Task requirements —
Identify each line below that contains the word "union", and copy it out.

Record excerpts —
(* Let $k\geq 2$ be an integer and let $A=[\bm{a}_1,\dots,\bm{a}_n]\in\mathbb{R}^{m\times n}$ have columns with $\|\bm{a}_i\|_2=1$ for all $i$. Suppose the mutual coherence $\mu=\max_{1\leq i<j\leq n}|\langle \bm{a}_i,\bm{a}_j\rangle|$ satisfies $$\mu<\frac{1}{2k-1}.$$ Let $\bm{x}\in\mathbb{R}^n$ be arbitrary (not necessarily sparse), let $\epsilon\geq 0$, let $\bm{z}\in\mathbb{R}^m$ with $\|\bm{z}\|_2\leq\epsilon$, and set $\bm{b}=A\bm{x}+\bm{z}$. Let $\lambda>0$ and let $\bm{x}^{\sharp}$ be an optimal solution of $$\min_{\bm{y}\in\mathbb{R}^n}\ \|\bm{y}\|_1+\frac{1}{2\lambda}\|\bm{b}-A\bm{y}\|_2^2 .$$ Define $$\alpha_1=\frac{\sqrt{1+(k-1)\mu}}{1-(k-1)\mu},\qquad \alpha_2=\frac{\sqrt{k}\,\mu}{1-(k-1)\mu},$$ $$f_k(t)=kt^2+3\sqrt{k}\,t+3,\qquad g_k(t)=2kt^2+4\sqrt{k}\,t+1 .$$ Then $$\|A(\bm{x}^{\sharp}-\bm{x})\|_2\leq \frac{2\lambda}{\sqrt{k}\alpha_1\lambda+\epsilon}\,\|\bm{x}-\bm{x}_{[k]}\|_1+2(\sqrt{k}\alpha_1\lambda+\epsilon),$$ and $$\|\bm{x}^{\sharp}-\bm{x}\|_2\leq \frac{2\sqrt{k}\alpha_1 f_k(\alpha_2)\lambda+2g_k(\alpha_2)\epsilon}{\sqrt{k}(1-\sqrt{k}\alpha_2)(\sqrt{k}\alpha_1\lambda+\epsilon)}\,\|\bm{x}-\bm{x}_{[k]}\|_1+\frac{\big(\sqrt{k}\alpha_1(5+2\sqrt{k}\alpha_2)\lambda+g_k(\alpha_2)\epsilon\big)(\sqrt{k}\alpha_1\lambda+\epsilon)}{\sqrt{k}(1-\sqrt{k}\alpha_2)\lambda}.$$
   Context: For $\bm{x}\in\mathbb{R}^n$, $\bm{x}_{[k]}$ denotes a best $k$-term approximation of $\bm{x}$, i.e. $\bm{x}_{[k]}\in\arg\min_{\|\bm{y}\|_0\leq k}\|\bm{y}-\bm{x}\|_2$, where $\|\bm{y}\|_0$ is the number of nonzero entries of $\bm{y}$. *)

theory Defs
  imports "HOL-Analysis.Analysis"
begin
(* On $\mathbb{N}^3$ let $A_n=\{(n+1,n,n),(n,n+1,n),(n,n,n+1)\}$ and $B_n=\{(n,n+1,n+1),(n+1,n,n+1),(n+1,n+1,n)\}$, and let $\mu$ be the probability measure with $\mu(x)=\frac{1}{(\pi n)^2}$ for $x\in A_n\cup B_n$ and $\mu(x)=0$ for $x\notin\bigcup_n(A_n\cup B_n)$. Put $\mu_{ij}=\mathrm{Pr}_{ij}(\mu)$ and let $c:\mathbb{N}^3\to\{0,1\}$ with $c=1$ on $\bigcup_nB_n$ and $c=0$ elsewhere. Then $\mu$ is the only probability measure on $\mathbb{N}^3$ with projections $\mu_{12},\mu_{13},\mu_{23}$ (hence it is the unique optimal plan), and there are no functions $f_{ij}:\mathbb{N}^2\to[-\infty,+\infty)$ such that $f_{12}(n_1,n_2)+f_{13}(n_1,n_3)+f_{23}(n_2,n_3)\le c(n_1,n_2,n_3)$ for all $(n_1,n_2,n_3)\in\mathbb{N}^3$ with equality $\mu$-almost everywhere. In particular $\mu$ is not strongly $c$-monotone.
   Context: $\mathrm{Pr}_{ij}$ is the projection of $\mathbb{N}^3$ onto coordinates $(i,j)$. A plan $\pi$ is strongly $c$-monotone if it is concentrated on a Borel set $\Gamma$ for which there exist Borel functions $f_{ij}:X_i\times X_j\to[-\infty,+\infty)$ with $\sum f_{ij}\le c$ everywhere and equality on $\Gamma$. *)

theory Defs
  imports "HOL-Probability.Probability"
begin

type_synonym pt3 = "nat \<times> nat \<times> nat"

definition Aset :: "nat \<Rightarrow> pt3 set" where
  "Aset n = {(n+1, n, n), (n, n+1, n), (n, n, n+1)}"

definition Bset :: "nat \<Rightarrow> pt3 set" where
  "Bset n = {(n, n+1, n+1), (n+1, n, n+1), (n+1, n+1, n)}"

definition mu_fun :: "pt3 \<Rightarrow> real" where
  "mu_fun x = (if \<exists>n\<ge>1. x \<in> Aset n \<union> Bset n
     then 1 / (pi * real (THE n. n \<ge> 1 \<and> x \<in> Aset n \<union> Bset n))^2 else 0)"

definition mu :: "pt3 pmf" where
  "mu = embed_pmf mu_fun"

definition pr12 :: "pt3 \<Rightarrow> nat \<times> nat" where "pr12 x = (case x of (a,b,d) \<Rightarrow> (a,b))"
definition pr13 :: "pt3 \<Rightarrow> nat \<times> nat" where "pr13 x = (case x of (a,b,d) \<Rightarrow> (a,d))"
definition pr23 :: "pt3 \<Rightarrow> nat \<times> nat" where "pr23 x = (case x of (a,b,d) \<Rightarrow> (b,d))"

definition cost :: "pt3 \<Rightarrow> ereal" where
  "cost x = (if \<exists>n\<ge>1. x \<in> Bset n then 1 else 0)"

definition strongly_c_monotone :: "(pt3 \<Rightarrow> ereal) \<Rightarrow> pt3 pmf \<Rightarrow> bool" where
  "strongly_c_monotone c p \<longleftrightarrow>
     (\<exists>\<Gamma> (f12 :: nat \<times> nat \<Rightarrow> ereal) (f13 :: nat \<times> nat \<Rightarrow> ereal) (f23 :: nat \<times> nat \<Rightarrow> ereal).
        \<Gamma> \<in> sets (count_space UNIV) \<and> (AE x in measure_pmf p. x \<in> \<Gamma>) \<and>
        f12 \<in> borel_measurable (count_space UNIV) \<and>
        f13 \<in> borel_measurable (count_space UNIV) \<and>
        f23 \<in> borel_measurable (count_space UNIV) \<and>
        (\<forall>z. f12 z \<noteq> \<infinity> \<and> f13 z \<noteq> \<infinity> \<and> f23 z \<noteq> \<infinity>) \<and>
        (\<forall>a b d. f12 (a,b) + f13 (a,d) + f23 (b,d) \<le> c (a,b,d)) \<and>
        (\<forall>a b d. (a,b,d) \<in> \<Gamma> \<longrightarrow> f12 (a,b) + f13 (a,d) + f23 (b,d) = c (a,b,d)))"

end

theory Submission
  imports Defs
begin
text \<open>Sandwich E between a closed and an open set of almost the same measure and take an
  Urysohn function for them.\<close>
lemma Lp_approx_indicator_bounded:
  fixes E :: "(real^'n) set"
  assumes p: "0 < p" and E: "E \<in> sets lebesgue" "bounded E"
  shows "Lp_approx p cc_funs (indicator E)"
proof (rule Lp_approxI)
  fix \<delta> :: real
  assume "\<delta> > 0"
  obtain T where T: "closed T" "T \<subseteq> E" "E - T \<in> lmeasurable" "emeasure lebesgue (E - T) < ennreal (\<delta>/2)"
    using sets_lebesgue_inner_closed[OF E(1), of "\<delta>/2"] \<open>\<delta> > 0\<close> by auto
  obtain U where U: "open U" "E \<subseteq> U" "U - E \<in> lmeasurable" "emeasure lebesgue (U - E) < ennreal (\<delta>/2)"
    using sets_lebesgue_outer_open[OF E(1), of "\<delta>/2"] \<open>\<delta> > 0\<close> by auto
  obtain r where r: "E \<subseteq> ball 0 r" using bounded_subset_ballD[OF E(2)] by blast
  define V where "V = U \<inter> ball 0 r"
  have "closed (- V)" "T \<inter> - V = {}" using T(2) U(1,2) r by (auto simp: V_def)
  then obtain \<phi> :: "real^'n \<Rightarrow> real" where \<phi>: "continuous_on UNIV \<phi>" "\<And>x. \<phi> x \<in> closed_segment 1 0"
    "\<And>x. x \<in> T \<Longrightarrow> \<phi> x = 1" "\<And>x. x \<in> - V \<Longrightarrow> \<phi> x = 0"
    using Urysohn[OF T(1)] by blast
  define g where "g x = complex_of_real (\<phi> x)" for x
  have "{x. g x \<noteq> 0} \<subseteq> ball 0 r" using \<phi>(4) by (force simp: g_def V_def)
  then have g: "g \<in> cc_funs"
    unfolding cc_funs_def g_def by (auto intro!: continuous_intros \<phi>(1) intro: bounded_subset[OF bounded_ball])
  define B where "B = (U - E) \<union> (E - T)"
  have "ennreal (cmod (indicator E x - g x) powr p) \<le> indicator B x" for x
  proof (cases "x \<in> B")
    case True
    have "indicator E x - g x = complex_of_real (indicator E x - \<phi> x)"
      by (simp add: g_def indicator_def)
    then have "cmod (indicator E x - g x) = \<bar>indicator E x - \<phi> x\<bar>"
      by (simp only: norm_of_real)
    also have "\<dots> \<le> 1" using \<phi>(2)[of x] by (auto simp: indicator_def closed_segment_eq_real_ivl)
    finally show ?thesis using True p by (simp add: ennreal_leI powr_le1)
  next
    case False
    then have "indicator E x - g x = 0"
      using \<phi>(3,4)[of x] by (auto simp: B_def V_def g_def indicator_def)
    then show ?thesis by simp
  qed
  then have "Lp_int p (\<lambda>x. indicator E x - g x) \<le> (\<integral>\<^sup>+x. indicator B x \<partial>lebesgue)"
    unfolding Lp_int_def by (intro nn_integral_mono)
  also have "\<dots> = emeasure lebesgue B"
    using T(3) U(3) by (intro nn_integral_indicator) (auto simp: B_def fmeasurable_def)
  also have "\<dots> \<le> emeasure lebesgue (U - E) + emeasure lebesgue (E - T)"
    unfolding B_def by (rule emeasure_subadditive) (use T(3) U(3) in auto)
  also have "\<dots> < ennreal (\<delta>/2 + \<delta>/2)"
    using U(4) T(4) by (rule add_mono_ennreal)
  finally show "\<exists>g\<in>cc_funs. Lp_int p (\<lambda>x. indicator E x - g x) < ennreal \<delta>"
    using g by auto
qed

lemma emeasure_diff_ball_tendsto_zero:
  fixes E :: "'a::euclidean_space set"
  assumes "E \<in> sets lebesgue" "emeasure lebesgue E < \<infinity>"
  shows "(\<lambda>m. emeasure lebesgue (E - ball 0 (real m))) \<longlonglongrightarrow> 0"
proof -
  have "(\<lambda>m. emeasure lebesgue (E - ball 0 (real m))) \<longlonglongrightarrow> emeasure lebesgue (\<Inter>m. E - ball 0 (real m))"
  proof (rule Lim_emeasure_decseq)
    show "range (\<lambda>m. E - ball 0 (real m)) \<subseteq> sets lebesgue"
      using assms(1) by (auto intro: sets.Diff fmeasurableD lmeasurable_ball)
    show "decseq (\<lambda>m. E - ball 0 (real m))"
      unfolding decseq_def by auto
    show "emeasure lebesgue (E - ball 0 (real m)) \<noteq> \<infinity>" for m
      using emeasure_mono[of "E - ball 0 (real m)" E lebesgue] assms by (auto simp: top_unique)
  qed
  moreover have "(\<Inter>m. E - ball 0 (real m)) = {}"
    by auto (meson reals_Archimedean2)
  ultimately show ?thesis by (metis emeasure_empty)
qed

Exercise result —
  "mu_fun x = (if \<exists>n\<ge>1. x \<in> Aset n \<union> Bset n
     then 1 / (pi * real (THE n. n \<ge> 1 \<and> x \<in> Aset n \<union> Bset n))^2 else 0)"
  define B where "B = (U - E) \<union> (E - T)"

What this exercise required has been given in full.